J'ai lu dans Télérama (oui je lis beaucoup Télérama, et alors?) un article parlant d'un "jeu" nouveau qui fait fureur dans le monde des internautes: Second Life. Ce "jeu" consiste à avoir un double virtuel, un "avatar", que l'on peut façonner à loisir, et à le faire vivre dans un monde virtuel similaire à la vie réelle. Le pich en brut ne donne pas super envie, vous ne trouvez pas?
Un monde parallèle, théâtre des mêmes règles de consumérisme que notre quotidien, les mêmes affaires à mener (oui si on aime faire des affaires, c'est drôle, mais combien sont-ils de cet acabit?), les mêmes publicités. Ne pas rencontrer de personnes réelles tout en ayant la sensation de ne pas être seul devant son ordi: on peut chatter avec les autres joueurs, dont la première question est "were are you from in first life" c'est-à-dire dans la vraie vie... Une sorte d'aspartame de vie, la sucrette de la société...

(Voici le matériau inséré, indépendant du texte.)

(* Let $k$ be a field and $\mathcal{B}=\bigoplus_{p\in\mathbb{Z}}\mathcal{B}_p$ a connected graded associative unital $k$-algebra ($\mathcal{B}_{-n}=0$ for $n>0$, $\mathcal{B}_0=k$), with $V:=\mathcal{B}_1$ finite dimensional, and assume $\mathcal{B}$ is generated by $V$, i.e. $\mathcal{B}=TV/(R)$ with $R$ a homogeneous subspace. Let $A_{gr}(\mathcal{B}):=A_{gr}(u,m)$ where $u:k\to\mathcal{B}$ is the unit and $m:\mathcal{B}\otimes\mathcal{B}\to\mathcal{B}$ the multiplication. Then $A_{gr}(\mathcal{B})$ is generated as an algebra by $C_1=\mathrm{End}(V)^*$; that is, the map $T(C_1)\hookrightarrow T(C_{gr})\to A_{gr}(\mathcal{B})$ is surjective.
   Context: For a graded vector space $W=\bigoplus_{p\in\mathbb{Z}}W_p$ with every $W_p$ finite dimensional, set $C_p=\mathrm{End}(W_p)^*$ and $C_{gr}=\bigoplus_p C_p$; with a basis $\{x^{(p)}_i\}$ of $W_p$, $C_p$ has the dual (comatrix) basis $\{t^{(p)}{}_i^j\}$ with $\Delta(t^{(p)}{}_i^j)=\sum_k t^{(p)}{}_i^k\otimes t^{(p)}{}_k^j$, $\epsilon(t^{(p)}{}_i^j)=\delta_i^j$, and $W$ is a graded $C_{gr}$-comodule via $\rho(x^{(p)}_i)=\sum_j t^{(p)}{}_i^j\otimes x^{(p)}_j$. $T(C_{gr})$ is the tensor algebra with the bialgebra structure extending that of $C_{gr}$, so all $W^{\otimes n}$ are $T(C_{gr})$-comodules (with $W^{\otimes0}=k$ trivial). For a family $F$ of linear maps $f:W^{\otimes n}\to W^{\otimes m}$, $\mathcal{I}_F$ is the ideal of $T(C_{gr})$ generated by the coefficients (in a basis of $W^{\otimes m}$) of $(\mathrm{id}\otimes f)\rho(z)-\rho(f(z))$ for $z$ running over basis tensors of $W^{\otimes n}$, $f\in F$; $A_{gr}(F)=T(C_{gr})/\mathcal{I}_F$ is a bialgebra and $W$ is a graded $A_{gr}(F)$-comodule with all $f\in F$ colinear. Here $W=\mathcal{B}$ and $C_1=\mathrm{End}(\mathcal{B}_1)^*$. *)

theory Defs
  imports Main "HOL.Vector_Spaces" "HOL-Library.Poly_Mapping"
begin

text \<open>Elements of the tensor algebra T(C) on a vector space C with basis indexed by a set G
  of generators are finitely supported k-valued functions on words over G.
  A word [g1,...,gn] stands for the tensor g1 (x) ... (x) gn; the empty word is the unit.\<close>

definition fa_mult :: "('g list \<Rightarrow>\<^sub>0 'k::comm_ring_1) \<Rightarrow> ('g list \<Rightarrow>\<^sub>0 'k) \<Rightarrow> ('g list \<Rightarrow>\<^sub>0 'k)" where
  "fa_mult f g = (\<Sum>u\<in>Poly_Mapping.keys f. \<Sum>v\<in>Poly_Mapping.keys g. Poly_Mapping.single (u @ v) (Poly_Mapping.lookup f u * Poly_Mapping.lookup g v))"

definition free_alg :: "'g set \<Rightarrow> ('g list \<Rightarrow>\<^sub>0 'k::zero) set" where
  "free_alg G = {f. \<forall>w\<in>Poly_Mapping.keys f. set w \<subseteq> G}"

inductive_set fa_ideal :: "'g set \<Rightarrow> ('g list \<Rightarrow>\<^sub>0 'k::comm_ring_1) set \<Rightarrow> ('g list \<Rightarrow>\<^sub>0 'k) set"
  for G S where
  gen: "s \<in> S \<Longrightarrow> s \<in> fa_ideal G S"
| zero: "0 \<in> fa_ideal G S"
| add: "x \<in> fa_ideal G S \<Longrightarrow> y \<in> fa_ideal G S \<Longrightarrow> x + y \<in> fa_ideal G S"
| lmult: "x \<in> fa_ideal G S \<Longrightarrow> a \<in> free_alg G \<Longrightarrow> fa_mult a x \<in> fa_ideal G S"
| rmult: "x \<in> fa_ideal G S \<Longrightarrow> a \<in> free_alg G \<Longrightarrow> fa_mult x a \<in> fa_ideal G S"

text \<open>The generator (p,i,j) stands for the comatrix element t^(p)_i^j of C_p = End(W_p)^*,
  where d p = dim W_p and the basis of W_p is xb p 0, ..., xb p (d p - 1).\<close>
definition gens :: "(int \<Rightarrow> nat) \<Rightarrow> (int \<times> nat \<times> nat) set" where
  "gens d = {(p, i, j). i < d p \<and> j < d p}"

text \<open>Generators of C_1 = End(B_1)^* only.\<close>
definition gens1 :: "(int \<Rightarrow> nat) \<Rightarrow> (int \<times> nat \<times> nat) set" where
  "gens1 d = {(p, i, j). p = 1 \<and> i < d 1 \<and> j < d 1}"

definition coord :: "('k::field \<Rightarrow> 'b::ab_group_add \<Rightarrow> 'b) \<Rightarrow> (int \<Rightarrow> nat) \<Rightarrow> (int \<Rightarrow> nat \<Rightarrow> 'b)
    \<Rightarrow> 'b \<Rightarrow> int \<Rightarrow> nat \<Rightarrow> 'k" where
  "coord scale d xb y s r = module.representation scale {xb p i | p i. i < d p} y (xb s r)"

text \<open>Coefficients (at the basis vector xb s r of W) of (id (x) u) rho(1) - rho(u(1)),
  where u : k \<rightarrow> B is the unit and W^{(x)0} = k with basis 1, rho(1) = 1 (x) 1.\<close>
definition unit_rels :: "('k::field \<Rightarrow> 'b::ring_1 \<Rightarrow> 'b) \<Rightarrow> (int \<Rightarrow> nat) \<Rightarrow> (int \<Rightarrow> nat \<Rightarrow> 'b)
    \<Rightarrow> ((int \<times> nat \<times> nat) list \<Rightarrow>\<^sub>0 'k) set" where
  "unit_rels scale d xb =
    {Poly_Mapping.single [] (coord scale d xb 1 s r)
      - (\<Sum>l<d s. Poly_Mapping.single [(s, l, r)] (coord scale d xb 1 s l)) | s r. r < d s}"

text \<open>Coefficients (at xb s r) of (id (x) m) rho(z) - rho(m(z)) for the basis tensors
  z = xb p i (x) xb q j of W (x) W, where m is the multiplication and
  rho(xb p i (x) xb q j) = sum_{a,b} t^(p)_i^a t^(q)_j^b (x) xb p a (x) xb q b.\<close>
definition mult_rels :: "('k::field \<Rightarrow> 'b::ring_1 \<Rightarrow> 'b) \<Rightarrow> (int \<Rightarrow> nat) \<Rightarrow> (int \<Rightarrow> nat \<Rightarrow> 'b)
    \<Rightarrow> ((int \<times> nat \<times> nat) list \<Rightarrow>\<^sub>0 'k) set" where
  "mult_rels scale d xb =
    {(\<Sum>a<d p. \<Sum>b<d q. Poly_Mapping.single [(p, i, a), (q, j, b)]
                              (coord scale d xb (xb p a * xb q b) s r))
      - (\<Sum>l<d s. Poly_Mapping.single [(s, l, r)] (coord scale d xb (xb p i * xb q j) s l))
     | p q i j s r. i < d p \<and> j < d q \<and> r < d s}"

text \<open>The ideal I_F of T(C_gr) for F = {u, m}; A_gr(B) = T(C_gr) / Agr_ideal.\<close>
definition Agr_ideal :: "('k::field \<Rightarrow> 'b::ring_1 \<Rightarrow> 'b) \<Rightarrow> (int \<Rightarrow> nat) \<Rightarrow> (int \<Rightarrow> nat \<Rightarrow> 'b)
    \<Rightarrow> ((int \<times> nat \<times> nat) list \<Rightarrow>\<^sub>0 'k) set" where
  "Agr_ideal scale d xb = fa_ideal (gens d) (unit_rels scale d xb \<union> mult_rels scale d xb)"

end

theory Submission
  imports Defs
begin

text \<open>Write \<open>t(s,l,r)\<close> for the comatrix generators of \<open>C\<^sub>s\<close> and \<open>x(s,l)\<close> for the basis of
  \<open>\<B>\<^sub>s\<close>. Call an element of \<open>T(C\<^sub>g\<^sub>r)\<close> reducible if it is congruent modulo \<open>\<I>\<^sub>F\<close> to an
  element of \<open>T(C\<^sub>1)\<close>. Reducible elements form a subalgebra, so it suffices to show that every
  generator \<open>t(s,l,r)\<close> is reducible. For fixed \<open>s, r\<close> the map
  \<open>y \<mapsto> \<Sum>\<^sub>l coord\<^sub>s\<^sub>,\<^sub>l(y) t(s,l,r)\<close> is linear, so the \<open>y \<in> \<B>\<close> it sends to reducible elements
  form a subspace; it sends \<open>x(s,l)\<close> to \<open>t(s,l,r)\<close>. The relation for the unit puts \<open>1\<close> into
  this subspace, which settles degree 0 since \<open>\<B>\<^sub>0 = k\<close>. The relation for the multiplication
  says that the image of \<open>x(1,i) x(m,j)\<close> is congruent to a combination of the products
  \<open>t(1,i,a) t(m,j,b)\<close>, which are reducible by induction on the degree. Since \<open>\<B>\<close> is generated
  in degree 1, these products \<open>x(1,i) x(m,j)\<close> span \<open>\<B>\<^sub>m\<^sub>+\<^sub>1\<close>.\<close>

lemma fa_mult_superset:
  assumes "finite A" "finite B" "Poly_Mapping.keys f \<subseteq> A" "Poly_Mapping.keys g \<subseteq> B"
  shows "fa_mult f g = (\<Sum>u\<in>A. \<Sum>v\<in>B.
           Poly_Mapping.single (u @ v) (Poly_Mapping.lookup f u * Poly_Mapping.lookup g v))"
proof -
  have "fa_mult f g = (\<Sum>u\<in>Poly_Mapping.keys f. \<Sum>v\<in>B.
           Poly_Mapping.single (u @ v) (Poly_Mapping.lookup f u * Poly_Mapping.lookup g v))"
    unfolding fa_mult_def
    by (intro sum.cong refl sum.mono_neutral_left assms) (auto simp: in_keys_iff)
  also have "\<dots> = (\<Sum>u\<in>A. \<Sum>v\<in>B.
           Poly_Mapping.single (u @ v) (Poly_Mapping.lookup f u * Poly_Mapping.lookup g v))"
    by (intro sum.mono_neutral_left assms) (auto simp: in_keys_iff)
  finally show ?thesis .
qed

Tout cela serait à la rigueur innocent et sans grand intérêt si cela n'incluait pas de l'argent, du vrai, du bon zargent. Voilà que du simple jeu, on se retrouve dans le laboratoire du self-made, du rêve américain où on peut faire fortune, si tant est qu'on s'en donne la peine... Et encore une fois, mais ça n'est pas pour me déplaire, l'informatique a été plus vite que la réalité: comment taxer cette source de revenus? Je crois qu'on a pas fini d'en entendre parler!
Enfin, je crois que j'ai renoncé à trouver ça une bonne idée quand mon avatar Rebecca s'est allongée sur le tapis pour lire un bouquin (lequel? mystère), et je suis allée faire de même...


Oui enfin sur le canap, hein on y est quand même mieux!